__What to do__. Retype, exactly as they appear below, the lines between the line holding "using primitive_nonconstant_if_ratio[of fps_X, OF" and the line holding "using \<open>z \<noteq> 0\<close> by simp", both ends included.

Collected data

────────────────────

lemma leading_ratio_mult: "Z \<noteq> 0 \<Longrightarrow> leading_ratio (Z * T) Z = T $ 0"
  by (simp add: leading_ratio_def)

lemma curve_F_infinite_chart:
  "curve_F a b c N N (Y * x) Y (Y * z) = Y ^ (N + N) *
     (fps_const a * x ^ N + fps_const b * x ^ N * z ^ N + fps_const c * z ^ N - z ^ (N + N))"
  unfolding curve_F_def by (simp add: algebra_simps power_mult_distrib power_add)

context
  fixes a b c :: "'a::field" and N :: nat
  assumes a: "a \<noteq> 0" and c: "c \<noteq> 0" and N: "of_nat N \<noteq> (0::'a)"
begin

lemma N_pos: "N > 0"
  using N by (cases N) auto

lemma infinite_branch_root:
  assumes "a * t ^ N + c = 0"
  shows "fps_nth_root N (infinite_rhs a b c N fps_X) t ^ N = infinite_rhs a b c N fps_X"
    "fps_nth_root N (infinite_rhs a b c N fps_X) t $ 0 = t"
proof -
  have "t \<noteq> 0" using assms c N_pos by (auto simp: power_0_left)
  thus "fps_nth_root N (infinite_rhs a b c N fps_X) t ^ N = infinite_rhs a b c N fps_X"
    "fps_nth_root N (infinite_rhs a b c N fps_X) t $ 0 = t"
    using fps_nth_root[OF infinite_rhs_nth_0[OF assms a N_pos] _ N] by auto
qed

lemma infinite_branch_rep:
  assumes "a * t ^ N + c = 0"
  shows "branch_rep (curve_F a b c N N) (infinite_branch a b c N t)"
    "primitive_rep (infinite_branch a b c N t)"
proof -
  let ?R = "fps_nth_root N (infinite_rhs a b c N fps_X) t"
  have "a + b * (fps_X $ 0 :: 'a) ^ N \<noteq> 0" using a N_pos by (simp add: power_0_left)
  hence "fps_const a * ?R ^ N + fps_const b * ?R ^ N * fps_X ^ N + fps_const c - fps_X ^ N = 0"
    using infinite_equation_iff infinite_branch_root(1)[OF assms] by blast
  moreover have "curve_F a b c N N (fps_X * ?R) 1 fps_X = fps_X ^ N *
      (fps_const a * ?R ^ N + fps_const b * ?R ^ N * fps_X ^ N + fps_const c - fps_X ^ N)"
    unfolding curve_F_def by (simp add: algebra_simps power_mult_distrib power_add)
  ultimately have "curve_F a b c N N (fps_X * ?R) 1 fps_X = 0" by simp
  moreover have ratio: "\<exists>A B. \<rho> * (A oo \<sigma>) = 1 \<and> \<rho> * (B oo \<sigma>) = fps_X"
    if "infinite_branch a b c N t = scale_reparam \<rho> \<sigma> s" for \<rho> \<sigma> s
    using that by (cases s) (auto simp: infinite_branch_def scale_reparam_def intro: sym)
  ultimately show "branch_rep (curve_F a b c N N) (infinite_branch a b c N t)"
    "primitive_rep (infinite_branch a b c N t)"
    using primitive_nonconstant_if_ratio[of fps_X, OF _ ratio]
    by (simp_all add: branch_rep_def infinite_branch_def normalised_triple_def)
qed

lemma infinite_chart_factor:
  fixes x z :: "'a fps"
  assumes eq: "fps_const a * x ^ N + fps_const b * x ^ N * z ^ N + fps_const c * z ^ N - z ^ (N + N) = 0"
    and z0: "z $ 0 = 0" and "z \<noteq> 0"
  shows "\<exists>T. x = z * T \<and> T ^ N = infinite_rhs a b c N fps_X oo z"
proof -
  define U where "U = fps_const a + fps_const b * z ^ N"
  have U0: "U $ 0 \<noteq> 0" and V0: "(z ^ N - fps_const c) $ 0 \<noteq> 0"
    using a c z0 N_pos by (simp_all add: U_def fps_nth_power_0 power_0_left)
  have "x ^ N * U = z ^ N * (z ^ N - fps_const c)"
    using eq by (simp add: U_def algebra_simps power_add)
  then obtain T where xT: "x = z * T"
    using fps_dvd_if_power_eq_units[OF _ U0 V0 \<open>z \<noteq> 0\<close> N_pos] by blast
  have "z ^ N * (fps_const a * T ^ N + fps_const b * T ^ N * z ^ N + fps_const c - z ^ N) = 0"
    using eq unfolding xT by (simp add: algebra_simps power_mult_distrib power_add)
  hence "fps_const a * T ^ N + fps_const b * T ^ N * z ^ N + fps_const c - z ^ N = 0"
    using \<open>z \<noteq> 0\<close> by simp
  moreover have den: "a + b * (z $ 0) ^ N \<noteq> 0" using a z0 N_pos by (simp add: power_0_left)
  ultimately have "T ^ N = infinite_rhs a b c N fps_X oo z"
    using infinite_equation_iff[OF den] infinite_rhs_compose[OF z0, of a b fps_X] z0 N_pos
    by (simp add: power_0_left)
  with xT show ?thesis by blast
qed

lemma infinite_normal_form:
  fixes X Y Z :: "'a fps"
  assumes curve: "curve_F a b c N N X Y Z = 0" and Y0: "Y $ 0 \<noteq> 0" and Z0: "Z $ 0 = 0"
    and nonconst: "\<not> constant_point (X, Y, Z)"
  shows "a * leading_ratio X Z ^ N + c = 0"
    "\<exists>\<sigma>. \<sigma> $ 0 = 0 \<and> (X, Y, Z) = scale_reparam Y \<sigma> (infinite_branch a b c N (leading_ratio X Z))"
proof -
  define x where "x = X * inverse Y"
  define z where "z = Z * inverse Y"
  have X: "X = Y * x" and Z: "Z = Y * z"
    using inverse_mult_eq_1'[OF Y0] by (simp_all add: x_def z_def mult.left_commute)
  have z0: "z $ 0 = 0" using Z0 by (simp add: z_def)
  have "Y \<noteq> 0" using Y0 by auto
  hence eq: "fps_const a * x ^ N + fps_const b * x ^ N * z ^ N + fps_const c * z ^ N - z ^ (N + N) = 0"
    using curve curve_F_infinite_chart[of a b c N Y x z] X Z by simp
  have "z \<noteq> 0"
  proof
    assume "z = 0"
    hence "x = 0" using eq a N_pos by (simp add: power_0_left)
    hence "(X, Y, Z) = (Y * fps_const 0, Y * fps_const 1, Y * fps_const 0)"
      using X Z \<open>z = 0\<close> by simp
    with nonconst Y0 show False unfolding constant_point_def by blast
  qed
  then obtain T where xT: "x = z * T" and TN: "T ^ N = infinite_rhs a b c N fps_X oo z"
    using infinite_chart_factor[OF eq z0] by blast
  have ratio: "leading_ratio X Z = T $ 0"
    using leading_ratio_mult[of Z T] X Z xT \<open>Y \<noteq> 0\<close> \<open>z \<noteq> 0\<close> by (simp add: mult.assoc)
  have "(T $ 0) ^ N = - c / a"
    using arg_cong[OF TN, of "\<lambda>f. f $ 0"] N_pos
    by (simp add: fps_nth_power_0 infinite_rhs_def power_0_left divide_inverse)
  thus on: "a * leading_ratio X Z ^ N + c = 0"
    using ratio a by (simp add: field_simps)
  have "T $ 0 \<noteq> 0" using on ratio c N_pos by (auto simp: power_0_left)
  hence "T = fps_nth_root N (infinite_rhs a b c N fps_X) (T $ 0) oo z"
    using fps_nth_root_compose_eq[OF TN z0 _ _ N] infinite_rhs_nth_0[OF on[unfolded ratio] a N_pos]
    by simp
  hence "(X, Y, Z) = scale_reparam Y z (infinite_branch a b c N (T $ 0))"
    using X Z xT z0 by (simp add: infinite_branch_def scale_reparam_def fps_compose_mult_distrib mult_ac)
  thus "\<exists>\<sigma>. \<sigma> $ 0 = 0 \<and> (X, Y, Z) = scale_reparam Y \<sigma> (infinite_branch a b c N (leading_ratio X Z))"
    using z0 ratio by auto
qed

────────────────────

__Answer to the problem__.
    using primitive_nonconstant_if_ratio[of fps_X, OF _ ratio]
    by (simp_all add: branch_rep_def infinite_branch_def normalised_triple_def)
qed

lemma infinite_chart_factor:
  fixes x z :: "'a fps"
  assumes eq: "fps_const a * x ^ N + fps_const b * x ^ N * z ^ N + fps_const c * z ^ N - z ^ (N + N) = 0"
    and z0: "z $ 0 = 0" and "z \<noteq> 0"
  shows "\<exists>T. x = z * T \<and> T ^ N = infinite_rhs a b c N fps_X oo z"
proof -
  define U where "U = fps_const a + fps_const b * z ^ N"
  have U0: "U $ 0 \<noteq> 0" and V0: "(z ^ N - fps_const c) $ 0 \<noteq> 0"
    using a c z0 N_pos by (simp_all add: U_def fps_nth_power_0 power_0_left)
  have "x ^ N * U = z ^ N * (z ^ N - fps_const c)"
    using eq by (simp add: U_def algebra_simps power_add)
  then obtain T where xT: "x = z * T"
    using fps_dvd_if_power_eq_units[OF _ U0 V0 \<open>z \<noteq> 0\<close> N_pos] by blast
  have "z ^ N * (fps_const a * T ^ N + fps_const b * T ^ N * z ^ N + fps_const c - z ^ N) = 0"
    using eq unfolding xT by (simp add: algebra_simps power_mult_distrib power_add)
  hence "fps_const a * T ^ N + fps_const b * T ^ N * z ^ N + fps_const c - z ^ N = 0"
    using \<open>z \<noteq> 0\<close> by simp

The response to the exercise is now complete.